Lyon pourrait il vous intéresser ?

A voir. Pour qu'un tel projet devienne intéressant, il faut que vous ayez une personne chez notre importateur français qui s'intéresse à ce type de sponsoring et qui s'engage. Ce n'est pas toujours évident à trouver.

Frank Ribéry est une star au Bayern de Munich. Pourquoi n'utilisez vous pas son image dans votre communication en France ?

Ne vous inquiétez pas. Nous y avons déjà pensé...

Vous visez une fusion dans les camions. Mais vous venez de prolonger le contrat du président de Scania pourtant très réticent à un mariage. Comment doit on interpréter votre décision ?

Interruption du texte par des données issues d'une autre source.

(* Suppose a subshift $X_0^+\subset\mathcal A^\mathbb N$ has a word complexity function that grows at most polynomially and is the smallest subshift which supports all its invariant measures. Then the potential $\phi$ defined by $\phi(x)=0$ if $x\in X_0^+$ and $\phi(x)=-a_j$ if $\mathrm{dist}(x,X_0^+)=2^{-j}$ freezes on $X_0^+$ provided $(a_j)$ is a decreasing sequence satisfying $a_j\ge\frac{\log^2 j}{j}$, $j\in\mathbb N$. *)

theory Defs
  imports "HOL-Probability.Probability"
begin

definition shift :: "(nat \<Rightarrow> 'a) \<Rightarrow> (nat \<Rightarrow> 'a)" where
  "shift x = (\<lambda>n. x (Suc n))"

definition sdist :: "(nat \<Rightarrow> 'a) \<Rightarrow> (nat \<Rightarrow> 'a) \<Rightarrow> real" where
  "sdist x y = (if x = y then 0 else (1/2) ^ (LEAST i. x i \<noteq> y i))"

definition shift_setdist :: "(nat \<Rightarrow> 'a) \<Rightarrow> (nat \<Rightarrow> 'a) set \<Rightarrow> real" where
  "shift_setdist x X = Inf (sdist x ` X)"

text \<open>Closedness in the product (cylinder) topology.\<close>
definition shift_closed :: "(nat \<Rightarrow> 'a) set \<Rightarrow> bool" where
  "shift_closed X \<longleftrightarrow> (\<forall>x. (\<forall>n. \<exists>y\<in>X. \<forall>i<n. x i = y i) \<longrightarrow> x \<in> X)"

definition subshift :: "(nat \<Rightarrow> 'a) set \<Rightarrow> bool" where
  "subshift X \<longleftrightarrow> X \<noteq> {} \<and> shift_closed X \<and> shift ` X \<subseteq> X"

Nos marques sont dirigées de manière très indépendante. Regardez Audi, Lamborghini, Bentley, Skoda ou autres, elles ont toutes leur propre directoire, leur propre développement, leur propre design, un réseau de distribution spécifique. Mais on utilise des modules communs. On n'a pas besoin de fusion pour profiter des synergies. On ne fera pas des trois groupes une société. Notre stratégie consiste à jouer la carte des marques, tout en économisant dans la technique et les achats. Il serait déraisonnable de ne pas garder à bord Leif Östling qui a fait de Scania la marque la plus rentable du secteur.

Lors de l'assemblée générale des actionnaires de MAN, Ferdinand Piëch, président du conseil de surveillance, a insisté sur les synergies possibles entre la filiale brésilienne de camions de Volkswagen et MAN, notamment dans les moteurs et les composants. Les moteurs de MAN vont donc bientôt remplacer ceux de Freightliner dans les camions Volkswagen ?

Cela prendra du temps car comme pour les voitures, les changements se font avec les nouvelles générations de produits. Quand nous avons repris Skoda, les moteurs du groupe Volkswagen ont été progressivement intégrés aux nouveaux modèles. Ce sera également le cas sur les poids lourds.

Depuis longtemps, vous cherchez une solution pour votre filiale brésilienne. Vous venez de passer une semaine sur place. Peut-on s'imaginer que MAN, qui n'est pas encore présent en Amérique du Sud, reprenne finalement la division poids lourds de Volkswagen ?

C'est évidemment une variante possible.

Une alternative logique puisque Ferdinand Piëch a défini Scania comme la Rolls du camion, MAN comme du bon milieu de gamme et Volkswagen comme de l'entrée de gamme tout en se prononçant clairement contre un démantèlement de MAN. Cela pourrait donc arriver bientôt ?

Je ne vous dirai pas quels délais nous nous sommes fixés, mais il n'y a pas urgence.